An Aussie reporter heading to Tokyo on his first flight since the pandemic hit was terrified after being mistaken for a sex offender at Sydney airport.

News.com.au’s James Matthey’s terrifying Sydney airport scare.
News.com.au’s James Matthey’s terrifying Sydney airport scare.

“Can I see your passport, mate?”

Words you expect to be uttered at an airport, but not ones you want to hear after you’ve already cleared the check-in counter, passport control and had your carry-on baggage given the green light.

It’s even worse when you hear them just metres from the gate where you’re going to wait for the boarding call ahead of your first international flight in 18 months – your first overseas trip since Covid-19 became part of our vocabulary.

No traveller has ever been chased down and asked for their passport at that point in their journey so they could instead be whisked off to an island paradise where their first Hollywood crush is waiting for them holding coconuts and wearing nothing but a sarong. So I sensed bad news was coming.
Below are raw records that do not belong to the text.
lemma exist_sum_snoc: "exist_sum (bl @ [blk]) Y = exist_sum bl Y + exist_val blk (Y (length bl))"
  by (simp add: exist_sum_def nth_append)

lemma exist_sum_cong: "(\<And>i. i < length bl \<Longrightarrow> Y i = Y' i) \<Longrightarrow> exist_sum bl Y = exist_sum bl Y'"
  by (simp add: exist_sum_def)

lemma reach_backward_block:
  assumes "block_nonempty blk" "w = pre @ enc_block blk @ post" "\<And>i. i \<ge> 5 \<Longrightarrow> zz i = 0"
  shows "\<exists>hs p'. round_coins (h @ hs) = round_coins h \<and> round_queries (h @ hs) = Suc (round_queries h) \<and>
    vreach K w P T (n + length (enc_block blk)) BwdNext (length pre + length (enc_block blk)) uniform2 (enc_cp c p) zz h =
    vreach K w P T n BwdNext (length pre) uniform2 (enc_cp (c - real (exist_val blk (P h = 0))) p') zz (h @ hs)"
proof -
  obtain a b e f where blk: "blk = (a, b, e, f)" by (cases blk) auto
  have ne: "a \<noteq> []" "b \<noteq> []" "e \<noteq> []" "f \<noteq> []" using assms(1) by (auto simp: block_nonempty_def blk)
  define u where "u = [All, LP] @ enc_bits a @ [Cm] @ enc_bits b @ [RP, Ex, LP] @ enc_bits e @ [Cm] @ enc_bits f"
  have eb: "enc_block blk = u @ [RP]" by (simp add: u_def blk enc_block_eq)
  have w1: "w = (pre @ u) @ RP # post" using assms(2) eb by simp
  have tp: "tape w (Suc (length (pre @ u))) = Sym RP" using w1 by (rule tape_at)
  define ch where "ch = (P h = 0)"
  have st: "vstep BwdNext (Sym RP) (P h) (\<lambda>_. 0) = (BwdF1 ch, -1)" by (simp add: ch_def)
  have opq: "counter_op BwdNext RP (c, p) = (c, 1)" by (simp add: counter_op_def aff_eval_def)
  define h1 where "h1 = h @ [(to_nat (BwdF1 ch), length pre + length u, \<lambda>_. 0)]"
  have query: "vreach K w P T (Suc (n + length u)) BwdNext (Suc (length (pre @ u))) uniform2 (enc_cp c p) zz h =
     vreach K w P T (n + length u) (BwdF1 ch) (length pre + length u) uniform2 (enc_cp c 1) zz h1"
  proof -
    have e: "nat (int (Suc (length (pre @ u))) + -1) = length pre + length u" by simp
    show ?thesis
      using reach_sym_step[where K=K and T=T and n="n + length u" and P=P and h=h and c=c and p=p and zz=zz,
          OF _ _ _ tp _ st uniform2_sum assms(3)]
      unfolding e h1_def by (simp add: opq)
  qed
  have r2: "sweep (BwdF1 ch) (c, 1) (rev u) = Some (BwdNext, (c - real (exist_val blk ch), if ch then 2 ^ length e else 1))"
    using sweep_block_backward[OF ne, of ch c] by (simp add: exist_val_def u_def blk enc_block_eq)
  have bwd: "backward_state (BwdF1 ch)" by (simp add: backward_state_def)
  have w2: "w = pre @ u @ RP # post" using w1 by simp
  obtain hs1 where hs1: "\<forall>ob\<in>set hs1. unmarked ob"
    "vreach K w P T (n + length u) (BwdF1 ch) (length pre + length u) uniform2 (enc_cp c 1) zz h1 =
     vreach K w P T n BwdNext (length pre) uniform2 (enc_cp (c - real (exist_val blk ch)) (if ch then 2 ^ length e else 1)) zz (h1 @ hs1)"
    using reach_sweep_left[where K=K and P=P and T=T and n=n and h=h1 and zz=zz, OF r2 bwd w2 uniform2_sum assms(3)]
    by (auto simp: u_def)
  have "round_coins (h1 @ hs1) = round_coins h" "round_queries (h1 @ hs1) = Suc (round_queries h)"
    using round_unmarked[OF hs1(1), of h1] round_query[of h ch "length pre + length u" "\<lambda>_. 0"]
    unfolding h1_def by auto
  moreover have "n + length (enc_block blk) = Suc (n + length u)" "length pre + length (enc_block blk) = Suc (length (pre @ u))"
    by (simp_all add: eb)
  ultimately show ?thesis
    using query hs1(2) unfolding h1_def ch_def
    by (intro exI[of _ "(to_nat (BwdF1 (P h = 0)), length pre + length u, \<lambda>_. 0) # hs1"]
        exI[of _ "if P h = 0 then 2 ^ length e else 1"]) (simp del: reach.simps)
qed

lemma reach_backward_blocks:
  assumes "\<forall>blk\<in>set bl. block_nonempty blk" "w = pre @ concat (map enc_block bl) @ post" "\<And>i. i \<ge> 5 \<Longrightarrow> zz i = 0"
  shows "\<exists>Y hs p'. round_coins (h @ hs) = round_coins h \<and> round_queries (h @ hs) = round_queries h + length bl \<and>
    (\<forall>Yh. (\<forall>h'. round_coins h' = round_coins h \<longrightarrow> P h' = (if Yh (round_queries h') then 0 else 1)) \<longrightarrow>
        (\<forall>i<length bl. Y i = Yh (round_queries h + length bl - 1 - i))) \<and>
    vreach K w P T (n + length (concat (map enc_block bl))) BwdNext (length pre + length (concat (map enc_block bl))) uniform2 (enc_cp c p) zz h =
    vreach K w P T n BwdNext (length pre) uniform2 (enc_cp (c - real (exist_sum bl Y)) p') zz (h @ hs)"
  using assms(1,2)
proof (induction bl arbitrary: post c p h rule: rev_induct)
  case Nil
  show ?case by (rule exI[of _ "\<lambda>_. True"], rule exI[of _ "[]"], rule exI[of _ p]) (simp add: exist_sum_def)
next
  case (snoc blk bl)
  define C where "C = concat (map enc_block bl)"
  define ch where "ch = (P h = 0)"
  have w1: "w = (pre @ C) @ enc_block blk @ post" using snoc.prems(2) by (simp add: C_def)
  obtain hs1 p1 where hs1: "round_coins (h @ hs1) = round_coins h" "round_queries (h @ hs1) = Suc (round_queries h)"
    "vreach K w P T (n + length C + length (enc_block blk)) BwdNext (length (pre @ C) + length (enc_block blk)) uniform2 (enc_cp c p) zz h =
     vreach K w P T (n + length C) BwdNext (length (pre @ C)) uniform2 (enc_cp (c - real (exist_val blk ch)) p1) zz (h @ hs1)"
    using reach_backward_block[where K = K and zz = zz and n = "n + length C" and P = P and T = T and c = c and p = p
        and h = h, OF _ w1 assms(3)] snoc.prems(1)
    unfolding ch_def by auto
  have w3: "w = pre @ C @ (enc_block blk @ post)" using snoc.prems(2) by (simp add: C_def)
  have nb: "\<forall>b\<in>set bl. block_nonempty b" using snoc.prems(1) by auto
  obtain Y' hs2 p2 where IH: "round_coins ((h @ hs1) @ hs2) = round_coins (h @ hs1)"
    "round_queries ((h @ hs1) @ hs2) = round_queries (h @ hs1) + length bl"
    "\<forall>Yh. (\<forall>h'. round_coins h' = round_coins (h @ hs1) \<longrightarrow> P h' = (if Yh (round_queries h') then 0 else 1)) \<longrightarrow>
        (\<forall>i<length bl. Y' i = Yh (round_queries (h @ hs1) + length bl - 1 - i))"
    "vreach K w P T (n + length C) BwdNext (length pre + length C) uniform2 (enc_cp (c - real (exist_val blk ch)) p1) zz (h @ hs1) =
     vreach K w P T n BwdNext (length pre) uniform2 (enc_cp (c - real (exist_val blk ch) - real (exist_sum bl Y')) p2) zz ((h @ hs1) @ hs2)"
    using snoc.IH[where post="enc_block blk @ post" and c="c - real (exist_val blk ch)" and p=p1 and h="h @ hs1", OF nb]
      w3 unfolding C_def by blast
  define Y where "Y = Y'(length bl := ch)"
  have ys: "exist_sum (bl @ [blk]) Y = exist_sum bl Y' + exist_val blk ch"
    by (simp add: exist_sum_snoc Y_def) (rule exist_sum_cong, simp)
  show ?case
  proof (intro exI[of _ Y] exI[of _ "hs1 @ hs2"] exI[of _ p2] conjI)
    show "round_coins (h @ hs1 @ hs2) = round_coins h" using IH(1) hs1(1) by simp
    show "round_queries (h @ hs1 @ hs2) = round_queries h + length (bl @ [blk])" using IH(2) hs1(2) by simp
    show "\<forall>Yh. (\<forall>h'. round_coins h' = round_coins h \<longrightarrow> P h' = (if Yh (round_queries h') then 0 else 1)) \<longrightarrow>
        (\<forall>i<length (bl @ [blk]). Y i = Yh (round_queries h + length (bl @ [blk]) - 1 - i))"
    proof (intro allI impI)
      fix Yh i
      assume H: "\<forall>h'. round_coins h' = round_coins h \<longrightarrow> P h' = (if Yh (round_queries h') then 0 else 1)"
        and i: "i < length (bl @ [blk])"
      show "Y i = Yh (round_queries h + length (bl @ [blk]) - 1 - i)"
      proof (cases "i = length bl")
        case True
        have "P h = (if Yh (round_queries h) then 0 else 1)" using H by simp
        then show ?thesis using True by (simp add: Y_def ch_def)
      next
        case False
        then have "i < length bl" using i by simp
        moreover have "Y' i = Yh (round_queries (h @ hs1) + length bl - 1 - i)" using IH(3) H hs1(1) \<open>i < length bl\<close> by simp
        ultimately show ?thesis using hs1(2) False by (simp add: Y_def)
      qed
    qed
    have "vreach K w P T (n + length (concat (map enc_block (bl @ [blk])))) BwdNext (length pre + length (concat (map enc_block (bl @ [blk])))) uniform2 (enc_cp c p) zz h =
       vreach K w P T (n + length C + length (enc_block blk)) BwdNext (length (pre @ C) + length (enc_block blk)) uniform2 (enc_cp c p) zz h"
      by (simp add: C_def add.assoc)
    also have "\<dots> = vreach K w P T n BwdNext (length pre) uniform2 (enc_cp (c - real (exist_val blk ch) - real (exist_sum bl Y')) p2) zz ((h @ hs1) @ hs2)"
      using hs1(3) IH(4) by (simp del: reach.simps)
    also have "\<dots> = vreach K w P T n BwdNext (length pre) uniform2 (enc_cp (c - real (exist_sum (bl @ [blk]) Y)) p2) zz (h @ hs1 @ hs2)"
      using ys by (simp add: algebra_simps del: reach.simps)
    finally show "vreach K w P T (n + length (concat (map enc_block (bl @ [blk])))) BwdNext (length pre + length (concat (map enc_block (bl @ [blk])))) uniform2 (enc_cp c p) zz h =
      vreach K w P T n BwdNext (length pre) uniform2 (enc_cp (c - real (exist_sum (bl @ [blk]) Y)) p2) zz (h @ hs1 @ hs2)" .
  qed
qed

(* Y is the vector of the prover's answers in a round with coins xs: if P answers the k-th query
   by Yh k, then block i receives Yh (m - 1 - i), since the blocks are queried from right to left. *)
definition answers_follow :: "prover \<Rightarrow> nat \<Rightarrow> bool list \<Rightarrow> (nat \<Rightarrow> bool) \<Rightarrow> bool" where
  "answers_follow P m xs Y \<longleftrightarrow> (\<forall>Yh. (\<forall>h''. round_coins h'' = xs \<longrightarrow> P h'' = (if Yh (round_queries h'') then 0 else 1)) \<longrightarrow>
      (\<forall>i<m. Y i = Yh (m - 1 - i)))"

definition wf_instance :: "bool list \<Rightarrow> block list \<Rightarrow> bool" where
  "wf_instance S bl \<longleftrightarrow> S \<noteq> [] \<and> bl \<noteq> [] \<and> (\<forall>blk\<in>set bl. block_nonempty blk)"

definition round_start :: "(nat \<Rightarrow> real) \<Rightarrow> (nat \<Rightarrow> real) \<Rightarrow> (nat \<Rightarrow> real) \<Rightarrow> obs list \<Rightarrow> bool" where
  "round_start a b zz h \<longleftrightarrow> a 0 + a 1 = 1 \<and> (\<Sum>k<5. b k) = 1 \<and> (\<Sum>k<5. zz k) = 1 \<and> round_coins h = [] \<and> round_queries h = 0"

definition round_bound :: "nat \<Rightarrow> kg_sym list \<Rightarrow> prover \<Rightarrow> nat set \<Rightarrow> nat \<Rightarrow> real \<Rightarrow> bool" where
  "round_bound K w P T n B \<longleftrightarrow>
     (\<forall>a b zz h. round_start a b zz h \<longrightarrow> B \<le> vreach K w P T (Suc n) Start 0 a b zz h)"

lemma reach_backward_phase:
  assumes w: "w = enc_bits S @ concat (map enc_block bl)" and S: "S \<noteq> []"
    and ne: "\<forall>blk\<in>set bl. block_nonempty blk" and zz: "\<And>i. i \<ge> 5 \<Longrightarrow> zz i = 0"
    and h: "round_queries h = 0"
  shows "\<exists>Y h'. round_coins h' = round_coins h \<and> round_queries h' = length bl \<and>
    answers_follow P (length bl) (round_coins h) Y \<and>
    vreach K w P T (n + 1 + length w) (Fwd BlkEnd x) (Suc (length w)) uniform2 (enc_cp c 0) zz h =
    vreach K w P T n BwdS 0 uniform2 (enc_cp (c - real (exist_sum bl Y)) 0) zz h'"
proof -
  define C where "C = concat (map enc_block bl)"
  have lw: "length w = length S + length C" by (simp add: w C_def)
  define h2 where "h2 = h @ [(to_nat BwdNext, length w, \<lambda>_. 0::nat)]"
  have "unmarked (to_nat BwdNext, length w, \<lambda>_. 0::nat)" by (auto simp: unmarked_def marker_states_def)
  then have h2: "round_coins h2 = round_coins h" "round_queries h2 = 0"
    using round_unmarked1[of _ h] h by (auto simp: h2_def)
  have rend: "vreach K w P T (n + 1 + length w) (Fwd BlkEnd x) (Suc (length w)) uniform2 (enc_cp c 0) zz h =
     vreach K w P T (n + length S + length C) BwdNext (length w) uniform2 (enc_cp c 0) zz h2"
  proof -
    have e: "n + 1 + length w = Suc (n + length S + length C)" by (simp add: lw)
    show ?thesis
      unfolding e
      using reach_rend_step[where x=x and K=K and P=P and T=T and n="n + length S + length C" and h=h and zz=zz and b="enc_cp c 0",
          OF tape_end[of w] _ uniform2_sum enc_cp_beyond zz]
      by (simp add: h2_def del: reach.simps)
  qed
  obtain Y hs p' where blocks: "round_coins (h2 @ hs) = round_coins h2" "round_queries (h2 @ hs) = round_queries h2 + length bl"
    "\<forall>Yh. (\<forall>h'. round_coins h' = round_coins h2 \<longrightarrow> P h' = (if Yh (round_queries h') then 0 else 1)) \<longrightarrow>
        (\<forall>i<length bl. Y i = Yh (round_queries h2 + length bl - 1 - i))"
    "vreach K w P T (n + length S + length C) BwdNext (length (enc_bits S) + length C) uniform2 (enc_cp c 0) zz h2 =
     vreach K w P T (n + length S) BwdNext (length (enc_bits S)) uniform2 (enc_cp (c - real (exist_sum bl Y)) p') zz (h2 @ hs)"
    using reach_backward_blocks[where K=K and P=P and T=T and n="n + length S" and h=h2 and c=c and p=0 and zz=zz
        and w=w and pre="enc_bits S" and post="[]", OF ne _ zz] w unfolding C_def by auto
  have r3: "sweep BwdNext (c - real (exist_sum bl Y), p') (rev (enc_bits S)) = Some (BwdS, (c - real (exist_sum bl Y), 0))"
    by (rule sweep_BwdNext_S[OF S])
  have bwd: "backward_state BwdNext" by (simp add: backward_state_def)
  obtain hs4 where hs4: "\<forall>ob\<in>set hs4. unmarked ob"
    "vreach K w P T (n + length S) BwdNext (length (enc_bits S)) uniform2 (enc_cp (c - real (exist_sum bl Y)) p') zz (h2 @ hs) =
     vreach K w P T n BwdS 0 uniform2 (enc_cp (c - real (exist_sum bl Y)) 0) zz ((h2 @ hs) @ hs4)"
    using reach_sweep_left[where K=K and P=P and T=T and n=n and h="h2 @ hs" and zz=zz
        and w=w and pre="[]" and post=C, OF r3 bwd _ uniform2_sum zz] S w unfolding C_def by auto
  show ?thesis
  proof (intro exI conjI)
    show "round_coins ((h2 @ hs) @ hs4) = round_coins h" "round_queries ((h2 @ hs) @ hs4) = length bl"
      using round_unmarked[OF hs4(1), of "h2 @ hs"] blocks(1,2) h2 by auto
    show "answers_follow P (length bl) (round_coins h) Y"
      unfolding answers_follow_def using blocks(3) h2 by simp
    show "vreach K w P T (n + 1 + length w) (Fwd BlkEnd x) (Suc (length w)) uniform2 (enc_cp c 0) zz h =
      vreach K w P T n BwdS 0 uniform2 (enc_cp (c - real (exist_sum bl Y)) 0) zz ((h2 @ hs) @ hs4)"
      using rend blocks(4) hs4(2) lw by (simp del: reach.simps)
  qed
qed
(* Let $\ell$ be a prime, $\nu\ge 1$, and $R$ a $\mathbb{Z}/\ell^\nu$-algebra. Let $L$ be the free $R$-module on symbols $\alpha_1,\dots,\alpha_{\ell-1}$, and for $k\ge0$ let $\phi_k:L\to H_R$ be the $R$-linear map with $\phi_k(\alpha_i)=\alpha_{k\ell+i}$. Then $\bigoplus_k\phi_k:\bigoplus_{k=0}^\infty L\to H_R$ is an isomorphism of $R$-modules. In particular, the elements $\alpha_n$ with $n>0$ and $n\not\equiv0\pmod\ell$ form an $R$-basis of $H_R$.
   Context: $F\subseteq\mathbb{Q}[t]$ is the ring of numerical polynomials (those $f$ with $f(n)\in\mathbb{Z}$ for all integers $n\gg0$), free abelian on $\alpha_n=\binom tn$, $n\ge0$. $F_R=R\otimes F$ is the free $R$-module on the $\alpha_n$, and $T:F_R\to F_R$ (multiplication by $t$) is given by $T(\alpha_n)=n\alpha_n+(n+1)\alpha_{n+1}$. $H_R$ denotes the colimit of $F_R\xrightarrow{T}F_R\xrightarrow{T}F_R\to\cdots$, i.e. $H_R=F_R[1/t]=R\otimes H$ with $H=F[1/t]$; $\alpha_n$ also denotes the image in $H_R$ of the basis element $\alpha_n$ of the first copy of $F_R$. *)

theory Defs
  imports Main "HOL-Computational_Algebra.Primes"
begin

text \<open>Elements of F_R are represented by their coefficient sequences with respect
  to the basis alpha_n = (t choose n): finitely supported functions nat => R.\<close>

definition FR :: "(nat \<Rightarrow> 'a::comm_ring_1) set" where
  "FR = {f. finite {n. f n \<noteq> 0}}"

text \<open>Multiplication by t: T(alpha_n) = n alpha_n + (n+1) alpha_(n+1),
  so the coefficient of alpha_n in T f is n f(n) + n f(n-1).\<close>

definition Tmap :: "(nat \<Rightarrow> 'a::comm_ring_1) \<Rightarrow> nat \<Rightarrow> 'a" where
  "Tmap f n = of_nat n * f n + (if n = 0 then 0 else of_nat n * f (n - 1))"

text \<open>The colimit H_R of F_R --T--> F_R --T--> ... : an element is represented by
  a pair (k, f) meaning f in the k-th copy; (k,f) ~ (j,g) iff they agree after
  pushing both forward to some common later copy.\<close>

definition colim_rel :: "((nat \<times> (nat \<Rightarrow> 'a::comm_ring_1)) \<times> (nat \<times> (nat \<Rightarrow> 'a))) set" where
  "colim_rel = {((k, f), (j, g)). f \<in> FR \<and> g \<in> FR \<and>
      (\<exists>m. k \<le> m \<and> j \<le> m \<and> (Tmap ^^ (m - k)) f = (Tmap ^^ (m - j)) g)}"

definition HR :: "(nat \<times> (nat \<Rightarrow> 'a::comm_ring_1)) set set" where
  "HR = (UNIV \<times> FR) // colim_rel"

definition hclass :: "nat \<Rightarrow> (nat \<Rightarrow> 'a::comm_ring_1) \<Rightarrow> (nat \<times> (nat \<Rightarrow> 'a)) set" where
  "hclass k f = colim_rel `` {(k, f)}"

definition hadd :: "(nat \<times> (nat \<Rightarrow> 'a::comm_ring_1)) set \<Rightarrow> (nat \<times> (nat \<Rightarrow> 'a)) set \<Rightarrow> (nat \<times> (nat \<Rightarrow> 'a)) set" where
  "hadd X Y = \<Union>{hclass (max k j) (\<lambda>n. (Tmap ^^ (max k j - k)) f n + (Tmap ^^ (max k j - j)) g n)
      | k f j g. (k, f) \<in> X \<and> (j, g) \<in> Y}"

definition hscale :: "'a::comm_ring_1 \<Rightarrow> (nat \<times> (nat \<Rightarrow> 'a)) set \<Rightarrow> (nat \<times> (nat \<Rightarrow> 'a)) set" where
  "hscale r X = \<Union>{hclass k (\<lambda>n. r * f n) | k f. (k, f) \<in> X}"

definition Lmod :: "nat \<Rightarrow> (nat \<Rightarrow> 'a::comm_ring_1) set" where
  "Lmod l = {v. \<forall>i. v i \<noteq> 0 \<longrightarrow> 1 \<le> i \<and> i \<le> l - 1}"

text \<open>phi_k(alpha_i) = alpha_(k l + i), first on the level of F_R, then into H_R
  via the structure map of the first copy.\<close>

definition phiF :: "nat \<Rightarrow> nat \<Rightarrow> (nat \<Rightarrow> 'a::comm_ring_1) \<Rightarrow> nat \<Rightarrow> 'a" where
  "phiF l k v n = (if k * l < n \<and> n < (k + 1) * l then v (n - k * l) else 0)"

definition phi :: "nat \<Rightarrow> nat \<Rightarrow> (nat \<Rightarrow> 'a::comm_ring_1) \<Rightarrow> (nat \<times> (nat \<Rightarrow> 'a)) set" where
  "phi l k v = hclass 0 (phiF l k v)"
(* Let $\mathcal H$ be a (finite) higraph with path DGA $(\mathcal A,\delta)$, map $\partial$ and pairing $\langle\cdot,\cdot\rangle$ as in the context. Then $\langle\partial a,b\rangle=\langle a,\delta b\rangle$ for all $a,b\in\mathcal A$. Furthermore $\partial^2=0$ and $\delta^2=0$.
   Context: $\mathbb F=\{0,1\}$. A directed hypergraph $\mathcal H=(\mathcal V,\mathcal E)$ has edges $\varepsilon=(I,J)\in2^{\mathcal V}\times2^{\mathcal V}$, source $I$, target $J$. It is a higraph if for all edges $\varepsilon,\varepsilon'$: (Transitive) if $t(\varepsilon)\cap s(\varepsilon')\ne\emptyset$ then it equals $\{K\}$ for one vertex $K$, the unions $s(\varepsilon)\cup(s(\varepsilon')\setminus\{K\})$ and $(t(\varepsilon)\setminus\{K\})\cup t(\varepsilon')$ are disjoint unions and their pair is an edge; (Acyclic) if $t(\varepsilon)\cap s(\varepsilon')$ and $t(\varepsilon')\cap s(\varepsilon)$ are both non-empty then $\varepsilon=\varepsilon'=(\{K\},\{K\})$. $\mathcal V$ is finite. A path is a non-empty finite directed tree $T=(V,E)$ (nodes; arrows, called breaks) with $\rho:V\to\mathcal E$ such that for each arrow $e$, $t(\rho(s(e)))\cap s(\rho(t(e)))$ is a single vertex $\rho(e)$, and distinct arrows with a common source node or common target node have distinct $\rho(e)$; label-compatible tree isomorphisms identify paths. Length = number of nodes. Source $s(\rho)=\bigcup_v(s(\rho(v))\setminus\{\rho(e):t(e)=v\})$, target $t(\rho)=\bigcup_v(t(\rho(v))\setminus\{\rho(e):s(e)=v\})$; a vertex of $s(\rho)$ in $s(\rho(v))$ is sourced by $v$, a vertex of $t(\rho)$ in $t(\rho(v))$ is targeted by $v$. Gluing $q(\rho,e)$ at a break $e$: contract the arrow $e$ to a node $v^*$, keep other labels, and set $\rho(v^* )=(s(\rho'),t(\rho'))$ with $\rho'$ the subpath on the endpoints of $e$. Refinement $r((\rho,v),\rho'')$ for a node $v$ and a path $\rho''$ with $s(\rho'')=s(\rho(v))$, $t(\rho'')=t(\rho(v))$: replace $v$ by the tree of $\rho''$, each arrow $(a,v)$ by $(a,v'')$ with $v''$ the node of $\rho''$ sourcing $\rho((a,v))$, each arrow $(v,b)$ by $(v'',b)$ with $v''$ targeting $\rho((v,b))$; it is $0$ if $\rho''$ is not compatible. Path DGA: $\mathcal A$ is the $\mathbb F$-vector space with basis the paths, graded by length; product $\rho_1\rho_2$ is the concatenation (disjoint union of trees plus the arrow from the node of $\rho_1$ targeting $K$ to the node of $\rho_2$ sourcing $K$) when $t(\rho_1)\cap s(\rho_2)=\{K\}$, and $0$ if this intersection is empty. $\delta\rho=\sum_{v\in V}\sum_{\rho''\text{ of length }2}r((\rho,v),\rho'')$ and $\partial\rho=\sum_{e\in E}q(\rho,e)$, extended linearly. $\langle\rho_1,\rho_2\rangle=1$ if $\rho_1=\rho_2$, $0$ otherwise, extended bilinearly. *)

theory Defs
  imports Main
begin

type_synonym 'v hedge = "'v set \<times> 'v set"

text \<open>A directed hypergraph on the finite vertex type 'v is given by its edge set E;
  fst = source, snd = target.\<close>

definition is_higraph :: "'v hedge set \<Rightarrow> bool" where
  "is_higraph E \<longleftrightarrow>
     (\<forall>\<epsilon>\<in>E. \<forall>\<epsilon>'\<in>E. snd \<epsilon> \<inter> fst \<epsilon>' \<noteq> {} \<longrightarrow>
        (\<exists>K. snd \<epsilon> \<inter> fst \<epsilon>' = {K}
           \<and> fst \<epsilon> \<inter> (fst \<epsilon>' - {K}) = {}
           \<and> (snd \<epsilon> - {K}) \<inter> snd \<epsilon>' = {}
           \<and> (fst \<epsilon> \<union> (fst \<epsilon>' - {K}), (snd \<epsilon> - {K}) \<union> snd \<epsilon>') \<in> E))
   \<and> (\<forall>\<epsilon>\<in>E. \<forall>\<epsilon>'\<in>E. snd \<epsilon> \<inter> fst \<epsilon>' \<noteq> {} \<and> snd \<epsilon>' \<inter> fst \<epsilon> \<noteq> {} \<longrightarrow>
        (\<exists>K. \<epsilon> = ({K}, {K}) \<and> \<epsilon>' = ({K}, {K})))"

record 'v ptree =
  nodes :: "nat set"
  arrs  :: "(nat \<times> nat) set"
  lab   :: "nat \<Rightarrow> 'v hedge"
Two beefy Australian Border Force officers working at Sydney airport flanked me as they asked the question. They looked at my passport, jumped on the phone, then told me to come with them. Asking what this was all about as I walked nervously back to where I’d just come from, I was simply told: “It’s a Federal Police matter.”

Fantastic.

As a reporter heading to Tokyo for the Olympics, I was carrying 87 pieces of paper in a plastic-sleeve folder – many of them double-sided. Accommodation details, vaccination certificates, insurance letters, flight tickets, press packs, contact lists – they were all there after being checked at least 27 times in the days before my departure.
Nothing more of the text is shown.